Bio Exam #2

Phylogeny – Evolutionary Tree

-Evolutionary trees are HYPOTHESISES represent the most plausible scenarios in evolution using….- advancements in DNA technology are changing everything

basal taxon- a lineage that diverges early in the history of the group, originating close to the root of the phylogentic tree AND REMAINS UNBRANCHED

identify transitions/evolutionary modifications

derived characteristics/traits- features that differ from ancestral form appearing later in a lineages evolution

outgroup- more distantly related group that serves as a reference group when determining the evolutionary relationships of the ingroup

how to use T-score to get p-value

• what a significant result is

• what a significant result tells us

-you need to know the degrees of freedom. you can calculate it by n-1 where n is the sample size

-one or two tailed t test- then you use the table

a signficiant result in a t test means THE DIFFERENCE BETWEEN GROUPS IS UNLIKELY DUE TO RANDOM CHANCE- TRUE DIFFERENCE EXISTS IN THE POPULATION_ STRONG EVIDENCE AGAINST THE NULL HYPOTHESIS

Biological community

an interacting assemblage of different species POPULATIONS inhabiting the same habitat/a common location at the same time

Biological fitness

an organisms ability to surive reproduce and pass its genes to the next generation- RATHER THAN JUST PHYSICAL STRENGTH OR SPEED MESSURES REPRODCUTIVE SUCCESS

Homologous vs analogous structures

Homologous structures- SHARE A COMMON ANCESTOR and SIMILAR INTERNAL ANATOMY INDICATING DIVERGENT EVOLUTION

ex. human arm vs whale flipper

analogous structures- SIMILAR FUNCTIONS BUT DIFF ANCESTRAL ORGINGINS

ex. bird and insect wing, bird wing vs bat wing

Adaptive Radiation

An evolutionary process where a single ancestral species quickly diversifies into many new species, each specially adapted to exploit different ecological niches, triggered by new oppotunity such as empty habitats or new resources

example- darwins finches- single ancestral species from south america evolved in 15 different birds

Stickleback fish info

In oceans stickleback fish evolve with heavy pelvic spines which protect them against predators- anti swallowing mechanism, armed plating against predators- spines are favored in environments w large predators

In freshwater lakes stickleback fish loose their spines due to a lack of ocean type predators and dragonfly larve which prey on them by grabbing onto their spines

The fossil record for sticklebacks tells us that LOSS OF PELVIC SPINES HAS HAPPENED REPEATDELY IN SEPERATE POPULATIONS

NOT

• sticklebacks w/out spines are different species than ancestors this is untrue

• not that there has been a gradual reduction in spines over time this is untrue

Community Composition

Which species are present in a community, sets up competition and in turn competition can determine community composition

Interference competition

Direct, aggressive interaction- fighting, territoriality, chemical inhibition, that prevents rivals from accessing resources- like caterpillars pushing each other off of a leaf they are both trying to eat

Exploitation Competition

Indirect competition, where competitors deplete shared resources faster than others can, reducing availability without direct contact

Competition

Affects both/all species competing over a SHARED resource that is limited, the species competiting need the resource, for growth, reproduction, survival

Obligate mutalism

two species completely dependent on each other for survival

facultative mutualism

a flexible relationship where species mutually benefit from each other but can survive independently

trophic mutualism

Specialized mutualism where nutrients and energy are shared- ex. bacteria in the gut microbiome

Defensive mutualism

one partner receives food or shelter in exchange for defending the other from predators or parasites

dispersive mutualism

involves animals transporting pollen or seeds for plants in return for food

Commensialism

+/0 relationship where one organism benefits while the other is neither helped nor harmed ex. barnacles on whales

Amensalism

-/0 one species causes harm while gaining nothing

• Physical suppression- larger more dominant organism harms another by physical presence- ex. cattle trampling plants, insects, wide trees shading out smaller plants

• Antibiosis (chemical inhibition)- one organism produces chemicals that harm another.
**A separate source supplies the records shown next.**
lemma opnorm_cocycle_A_unbounded: "\<exists>n\<ge>1. \<exists>x\<in>Sigma2. M < opnorm (cocycle A shift n x)"
proof -
  define e where "e = 1 / (4 * (\<bar>M\<bar> + 1))"
  have e: "0 < e" "e \<le> 1 / 2"
    by (auto simp: e_def field_simps)
  obtain N where N: "0 < N" "\<And>k. phi ((shift ^^ k) (periodic_two N)) < e"
    using phi_orbit_periodic_two_less[OF e(1)] by blast
  define z where "z = periodic_two N"
  define a where "a k = phi ((shift ^^ k) z)" for k
  have "0 < dist_at_most_one_two z"
    using N(1) by (intro dist_at_most_one_two_pos[of z 0 "int N"]) (auto simp: z_def periodic_two_def Sigma2_iff)
  then have "a 0 \<noteq> 0"
    by (simp add: a_def phi_def)
  moreover have "a (k + N) = a k" for k
    by (simp only: a_def z_def funpow_shift_periodic_two)
  ultimately have "\<not> summable a"
    using N(1) by (intro not_summable_periodic)
  moreover have "0 \<le> a k" for k
    by (simp add: a_def phi_nonneg)
  moreover have "a k \<le> e" for k
    using N(2)[of k] by (simp add: a_def z_def)
  ultimately obtain n where n: "1 / (4 * e) \<le> (\<Prod>k<n. 1 - (a k)\<^sup>2 / 2) * (\<Sum>k<n. a k)"
    using exists_prod_times_sum_ge[OF e] by blast
  have "M < 1 / (4 * e)"
    by (simp add: e_def)
  also have "\<dots> \<le> opnorm (cocycle A shift n z)"
    using n prod_times_sum_phi_le_opnorm_cocycle_A[where n = n and x = z] unfolding a_def by linarith
  finally have "M < opnorm (cocycle A shift n z)" .
  moreover have "n \<noteq> 0"
  proof
    assume "n = 0"
    with n e show False by simp
  qed
  ultimately show ?thesis
    using periodic_two_in_Sigma2[of N] unfolding z_def
    by (intro exI[of _ n] conjI bexI[of _ "periodic_two N"]) simp_all
qed

lemma bdd_above_opnorm_cocycle_A: "bdd_above ((\<lambda>x. opnorm (cocycle A shift n x)) ` Sigma2)"
  using opnorm_cocycle_A_le by (intro bdd_aboveI2) blast

lemma SUP_opnorm_cocycle_A_bounds:
  "1 \<le> (SUP x\<in>Sigma2. opnorm (cocycle A shift n x))"
  "(SUP x\<in>Sigma2. opnorm (cocycle A shift n x)) \<le> 2 + 2 * sqrt (real n)"
proof -
  have const_1: "(\<lambda>_. 1) \<in> Sigma2"
    by (simp add: Sigma2_iff)
  show "1 \<le> (SUP x\<in>Sigma2. opnorm (cocycle A shift n x))"
    using one_le_opnorm_cocycle_A_const_1 cSUP_upper[OF const_1 bdd_above_opnorm_cocycle_A]
    by (rule order_trans)
  show "(SUP x\<in>Sigma2. opnorm (cocycle A shift n x)) \<le> 2 + 2 * sqrt (real n)"
    using const_1 opnorm_cocycle_A_le by (intro cSUP_least) auto
qed

end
Ex. penicillium mold produces penicillin which kills bacteria

Positive Control vs Negative control

-a positive control is designed to produce a known, expected result, CONFIRMING that the experiment is working properly

-Negative control- designed to produce NO RESULT, ensuring that results are due to treatment and not external factors or contamination

Null hypothesis vs alternate hypothesis

Null hypothesis- states that there is no effect, relationship, or difference between variables, assuming that status quo

Alternate hypothesis- contradicts the null hypothesis proposing there is a significant different or effect that the researcher seeks to prove

de Wit Replacement Series

-An experimental design technique used to examine RESOURCE USE and PRODUCTIVITY between competing species

• Used to analyze intra- vs interspecific competition- it’s primary goal is to determine the competitive ability of a species and evaluate dynamics between species and within a species by analyzing the yield produced from the cultures

  • shows if one species can outcompete another

• Monocultures paired with mixed cultures

• A constant TOTAL DESNITY is used but the frequency of the two species is changed: 100:0, 75:25, 50:50, 25:75, 0:100

Monoculture vs mixed culture

Monoculture- only growing/cultivating one species

mixed culture- multiple species are grown/cultivated

Destructive Sampling

(plants) the permanent removal, alteration or consumption of plant material

-A research method that involves the permanent removal, alteration, or damage of a specimen to obtain scientific data.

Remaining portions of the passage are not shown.